■ Problem
Work out how many lines in the material beneath contain "shows". Give only that number.

■ Listed entries
(* Let $\boldsymbol\mu$ be a ratio set and let $\boldsymbol\alpha$ be a derivative addendum for $\boldsymbol\mu$. Let $\sum_{i\in I}T_i$ be $\boldsymbol\mu$-convergent. Then $\sum_{i\in I}T_i'$ is $\boldsymbol\alpha$-convergent.
   Context: $\mathbb T$ is the differential field of real grid-based transseries over the ordered group $\mathfrak G$ of transmonomials; $\operatorname{mag}T$ is the dominant monomial of $T\ne0$. A ratio set is a finite $\boldsymbol\mu=\{\mu_1,\dots,\mu_n\}\subset\{\mathfrak g\prec1\}$; $\boldsymbol\mu^*$, $\boldsymbol\mu^+$ are the sets $\boldsymbol\mu^{\mathbf k}$ with $\mathbf k\in\mathbb Z^n$, $\mathbf k\ge\mathbf 0$ (resp. additionally $\mathbf k\ne\mathbf0$); $\mathfrak J^{\boldsymbol\mu}$ is the group generated, $\mathfrak J^{\boldsymbol\mu,\mathbf m}=\{\boldsymbol\mu^{\mathbf k}:\mathbf k\ge\mathbf m\}$ (a grid). Monomials: $\mathfrak m\prec^{\boldsymbol\mu}\mathfrak n$ iff $\mathfrak m/\mathfrak n\in\boldsymbol\mu^+$; transseries: $A\prec^{\boldsymbol\mu}B$ iff each $\mathfrak a\in\operatorname{supp}A$ is $\prec^{\boldsymbol\mu}$ some $\mathfrak b\in\operatorname{supp}B$. $\boldsymbol\alpha$ witnesses nonzero $T$ iff $\operatorname{supp}T\subseteq(\operatorname{mag}T)\boldsymbol\alpha^*$, and generates $T$ iff $\operatorname{supp}T\subseteq\mathfrak J^{\boldsymbol\alpha,\mathbf m}$ for some $\mathbf m$. A derivative addendum for $\boldsymbol\mu$ is a ratio set $\boldsymbol\alpha$ with: (a) $\boldsymbol\alpha^*\supseteq\boldsymbol\mu$; (b) for every $\mathfrak m\in\mathfrak J^{\boldsymbol\mu}$, $\mathfrak m'$ is witnessed and generated by $\boldsymbol\alpha$; (c) for all $\mathfrak m,\mathfrak n\in\mathfrak J^{\boldsymbol\mu}$ with $\mathfrak m\prec^{\boldsymbol\mu}\mathfrak n$, $\mathfrak n\ne1$: $\mathfrak m'\prec^{\boldsymbol\alpha}\operatorname{mag}(\mathfrak n')$. A family $\sum_{i\in I}T_i$ is $\boldsymbol\mu$-convergent if all $T_i$ are supported by a single grid $\mathfrak J^{\boldsymbol\mu,\mathbf m}$ and the family is point-finite (each monomial lies in $\operatorname{supp}T_i$ for only finitely many $i$). *)

theory Defs
  imports Complex_Main
begin
lemma normal_range_eq:
  assumes "is_adjoint T S" and "T \<circ> S = S \<circ> T" and "bounded_linear T" and "bounded_linear S"
  shows "range T = range S"
  using normal_range_subset [OF assms] normal_range_subset [OF adjoint_sym [OF assms(1)] assms(2) [symmetric] assms(4,3)]
  by blast

section \<open>Commutators of an isometric pair\<close>

lemma isometric_pairD:
  assumes "isometric_pair V1 V2"
  shows "norm (V1 x) = norm x" and "norm (V2 x) = norm x" and "V1 (V2 x) = V2 (V1 x)"
  using assms by (auto simp: isometric_pair_def isometry_def fun_eq_iff)

lemma defect_op_fixes_common_kernel:
  assumes "is_adjoint V1 W1" and "is_adjoint V2 W2" and "W1 y = 0" and "W2 y = 0"
  shows "defect_op V1 V2 W1 W2 y = y"
proof -
  have "V1 0 = 0" "V2 0 = 0" "W1 0 = 0"
    using assms(1,2) adjoint_sym by (metis adjoint_linear linear_0)+
  then show ?thesis
    using assms(3,4) by (simp add: defect_op_def)
qed

lemma range_commutator_subset_fixed_defect:
  assumes pair: "isometric_pair V1 V2" and adj1: "is_adjoint V1 W1" and adj2: "is_adjoint V2 W2"
    and comm: "commutator W2 V1 \<circ> commutator W1 V2 = commutator W1 V2 \<circ> commutator W2 V1"
  shows "range (commutator W2 V1) \<subseteq> {x. defect_op V1 V2 W1 W2 x = x}"
proof -
  let ?A = "commutator W2 V1" and ?B = "commutator W1 V2"
  note iso = isometric_pairD [OF pair]
  have adj: "is_adjoint ?A ?B"
    by (rule adjoint_commutator [OF adjoint_sym [OF adj2] adj1])
  have inv1: "W1 (V1 x) = x" and inv2: "W2 (V2 x) = x" for x
    by (rule isometry_adjoint_left_inverse [OF adj1 iso(1)] isometry_adjoint_left_inverse [OF adj2 iso(2)])+
  have "?A (V2 x) = 0" for x
    by (simp add: commutator_def iso(3) inv2)
  moreover have "?B (V1 x) = 0" for x
    by (simp add: commutator_def inv1 flip: iso(3))
  moreover have "?B (V2 x) = 0" for x
    using normal_norm_eq [OF adj comm, of "V2 x"] calculation by simp
  ultimately have "W1 (?A x) = 0" "W2 (?A x) = 0" for x
    by (simp_all add: adjoint_comp_eq_zero [OF adj1 adj] adjoint_comp_eq_zero [OF adj2 adj])
  then show ?thesis
    using defect_op_fixes_common_kernel [OF adj1 adj2] by blast
qed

■ Reply to the task
4